Okay, MM Ob, gotcha...
so my lodge has a "rule" that black suit is the "uniform if the day," GL doesn't get involved because we aren't violating the Code, and no Brother will be turned away because they're wearing something else. But myself, as a member and Officer, had better obey the "rule" or face (at the very least) the stern face of the Worshipful Master.


----------



## chrmc (Jan 10, 2016)

Bill_Lins77488 said:


> Remember your MM obligation? Now look at Art. 504 in the GL Law.



Thanks for that. Interesting that it's not spelled out clearer in any other note when considering how much text the bylaws for instance get. 
But thanks for pointing me to that.


----------



## JJones (Jan 11, 2016)

Well, I don't know about other jurisdictions, but here in Texas our obligation covers it, a brother might just need to be reminded if he strays.

Doh, Bill beat me to it.


----------



## Bloke (Jan 11, 2016)

I don't have a current copy of GL Texas Const.. but just did find and interesting doc from GL Texas (1983), two quotes below

"_Masonic Lodges are not bound by the usual and customary parliamentary rules of order because the entire structure, purpose, and function of Freemasonry is unlike that of any organization.

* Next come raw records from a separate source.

(* Suppose $P=P_{(a,b)}$ is a point of $\mathcal X_3$ such that $\alpha(P)^2-\alpha(P)+1=0$. Then for every positive integer $i$ with $i\le m-2$ there exists a function $g_i\in L((3i+3)D_\infty)$ with $v_P(g_i)=3i+2$.
   Context: Let $q$ be a prime power with $q\equiv2\pmod3$, $m=(q+1)/3$, and let $\mathcal X_3$ be the nonsingular projective model (defined over $\mathbb F_{q^2}$) of the plane curve $y^{q+1}+x^{2m}+x^m=0$. Let $P_\infty^1,\dots,P_\infty^m$ be the $m$ points of $\mathcal X_3$ lying over the point at infinity (poles of $x$), $D_\infty=\sum_jP_\infty^j$, and $L(D)$ the Riemann–Roch space of $D$. Points not centered at $(0,0)$ or at infinity have affine coordinates $(a,b)$, $a\ne0$, and are denoted $P_{(a,b)}$; for such points with $a^m\neq -1$, $\alpha(P_{(a,b)})=a^m/(1+a^m)$. $v_P$ is the valuation at $P$. *)

theory Defs
  imports "HOL-Computational_Algebra.Polynomial" "HOL-Computational_Algebra.Fraction_Field"
begin

text \<open>The function field of X_3 over the field 'k is modelled as K(x)[Y]/(f) with
  K(x) = 'k poly fract and f = Y^(q+1) + x^(2m) + x^m.  A function is represented
  by any element of K(x)[Y]; two representatives denote the same function iff
  their difference is divisible by f.\<close>

definition mm :: "nat \<Rightarrow> nat" where
  "mm q = (q + 1) div 3"

definition emb :: "'k::field poly \<Rightarrow> 'k poly fract" where
  "emb c = Fract c 1"

definition xfun :: "'k::field poly fract" where
  "xfun = emb [:0, 1:]"

definition curve_poly :: "nat \<Rightarrow> 'k::field poly fract poly" where
  "curve_poly q = monom 1 (q + 1) + [: xfun ^ (2 * mm q) + xfun ^ (mm q) :]"

definition lift2 :: "'k::field poly poly \<Rightarrow> 'k poly fract poly" where
  "lift2 w = map_poly emb w"

definition ev2 :: "'k::field poly poly \<Rightarrow> 'k \<Rightarrow> 'k \<Rightarrow> 'k" where
  "ev2 w a b = poly (map_poly (\<lambda>c. poly c a) w) b"

text \<open>Local ring O_P of the affine curve at P = (a,b): functions u/w with
  u, w polynomial in x, y and w(a,b) \<noteq> 0.\<close>
definition local_ring :: "nat \<Rightarrow> 'k::field \<Rightarrow> 'k \<Rightarrow> 'k poly fract poly \<Rightarrow> bool" where
  "local_ring q a b g \<longleftrightarrow>
     (\<exists>u w. ev2 w a b \<noteq> 0 \<and> (lift2 w * g - lift2 u) mod curve_poly q = 0)"

text \<open>v_P(g) = n (for a nonsingular affine point P=(a,b) with b \<noteq> 0, where x - a
  is a local parameter): g \<in> (x-a)^n O_P but g \<notin> (x-a)^(n+1) O_P.\<close>
definition val_at :: "nat \<Rightarrow> 'k::field \<Rightarrow> 'k \<Rightarrow> 'k poly fract poly \<Rightarrow> nat \<Rightarrow> bool" where
  "val_at q a b g n \<longleftrightarrow>
     local_ring q a b (smult (inverse (emb [:-a, 1:] ^ n)) g) \<and>
     \<not> local_ring q a b (smult (inverse (emb [:-a, 1:] ^ (n + 1))) g)"

text \<open>Integrality over K[x] (i.e. no poles outside the places over x = \<infinity>).\<close>
definition integral_Kx :: "nat \<Rightarrow> 'k::field poly fract poly \<Rightarrow> bool" where
  "integral_Kx q g \<longleftrightarrow>
     (\<exists>p :: 'k poly poly. lead_coeff p = 1 \<and>
        poly (map_poly (\<lambda>c. [: emb c :]) p) g mod curve_poly q = 0)"

definition O_inf :: "'k::field poly fract set" where
  "O_inf = {c. \<exists>u w. w \<noteq> 0 \<and> degree u \<le> degree w \<and> c = Fract u w}"

text \<open>Integrality over O_inf (= lying in all valuation rings of places over x = \<infinity>).\<close>
definition integral_Oinf :: "nat \<Rightarrow> 'k::field poly fract poly \<Rightarrow> bool" where
  "integral_Oinf q g \<longleftrightarrow>
     (\<exists>p :: 'k poly fract poly. lead_coeff p = 1 \<and> (\<forall>i. coeff p i \<in> O_inf) \<and>
        poly (map_poly (\<lambda>c. [: c :]) p) g mod curve_poly q = 0)"

text \<open>Membership in L(3j D_inf).  Since the pole divisor of x is 3 D_inf
  (each P_inf^j has v(x) = -3), g \<in> L(3j D_inf) iff g is integral over K[x]
  and g / x^j is integral over O_inf.\<close>
definition in_L3 :: "nat \<Rightarrow> nat \<Rightarrow> 'k::field poly fract poly \<Rightarrow> bool" where
  "in_L3 q j g \<longleftrightarrow> integral_Kx q g \<and> integral_Oinf q (smult (inverse (xfun ^ j)) g)"

end

theory Submission
  imports Defs "HOL-Computational_Algebra.Polynomial_Factorial" "HOL-Computational_Algebra.Primes"
    "Jordan_Normal_Form.Char_Poly"
begin

text \<open>
  Write \<open>t = x - a\<close>, \<open>s = x^m\<close> and \<open>\<omega> = a^m\<close>. The condition on \<open>\<alpha>(P)\<close> says
  \<open>\<omega>^2 + \<omega> + 1 = 0\<close>, so \<open>s^2 + s + 1 = (s - \<omega>)(s - \<omega>^2)\<close> vanishes simply at \<open>P\<close> and
  \<open>a^(q+1) = b^(q+1) = 1\<close>. On the curve \<open>(y - b) G = -(s^2 + s + 1)\<close> with \<open>G(P) \<noteq> 0\<close>, so by
  Frobenius \<open>y - y\<^sub>0 = -b y (y - b)^q\<close> is divisible by \<open>t^q\<close> at \<open>P\<close>, where
  \<open>y\<^sub>0 = -b (s^2 + s) \<in> K[x]\<close>.

  The function \<open>g\<^sub>k = (1 - y/b) c\<^sub>k + (x/a - y/b) d\<^sub>k\<close>, with \<open>c\<^sub>k, d\<^sub>k \<in> K[y]\<close> defined by a
  linear recursion such that \<open>c\<^sub>k(y\<^sub>0) + s d\<^sub>k(y\<^sub>0) = (s - \<omega>)^k\<close>, satisfies
  \<open>g\<^sub>k(y\<^sub>0) = t^(k+1) \<cdot> (unit at P)\<close> because \<open>x/a - s^3 = -x t^q\<close>; hence \<open>v\<^sub>P(g\<^sub>k) = k + 1\<close>
  for \<open>k + 1 < q\<close>. At the places over infinity \<open>x\<close> and \<open>y\<close> have pole orders 3 and 2, and
  \<open>g\<^sub>k\<close> has weighted degree \<open>k + 2\<close> in these orders. An element of \<open>K(x)[y]\<close> of weighted degree
  at most 0 lies in the valuation rings at infinity because it is integral over \<open>O\<^sub>\<infinity>\<close>, which
  the determinant trick shows. The theorem is the case \<open>k = 3i + 1\<close>.
\<close>

lemma freshmans_dream_diff:
  fixes x y :: "'a::comm_ring_1"
  assumes "prime CHAR('a)" and "n = CHAR('a) ^ k"
  shows "(x - y) ^ n = x ^ n - y ^ n"
proof -
  have "x ^ n = ((x - y) + y) ^ n" by simp
  also have "\<dots> = (x - y) ^ n + y ^ n" by (rule freshmans_dream'[OF assms])
  finally show ?thesis by simp
qed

The background, history, customs, and usages of Freemasonry are so different from other voluntary associations as to require special rules of order. Although some of these rules are in the Constitution and Laws of the Grand Lodge of Texas, many others are in the edicts and decisions of Grand Masters and reports of Committees, approved bythe Grand Lodge of Texas and reported in its Proceedings as far back as 1837. Even the codified rules reflect Masonic landmarks, ancient customs and traditions, and Grand Lodge Actions for 138 years....... 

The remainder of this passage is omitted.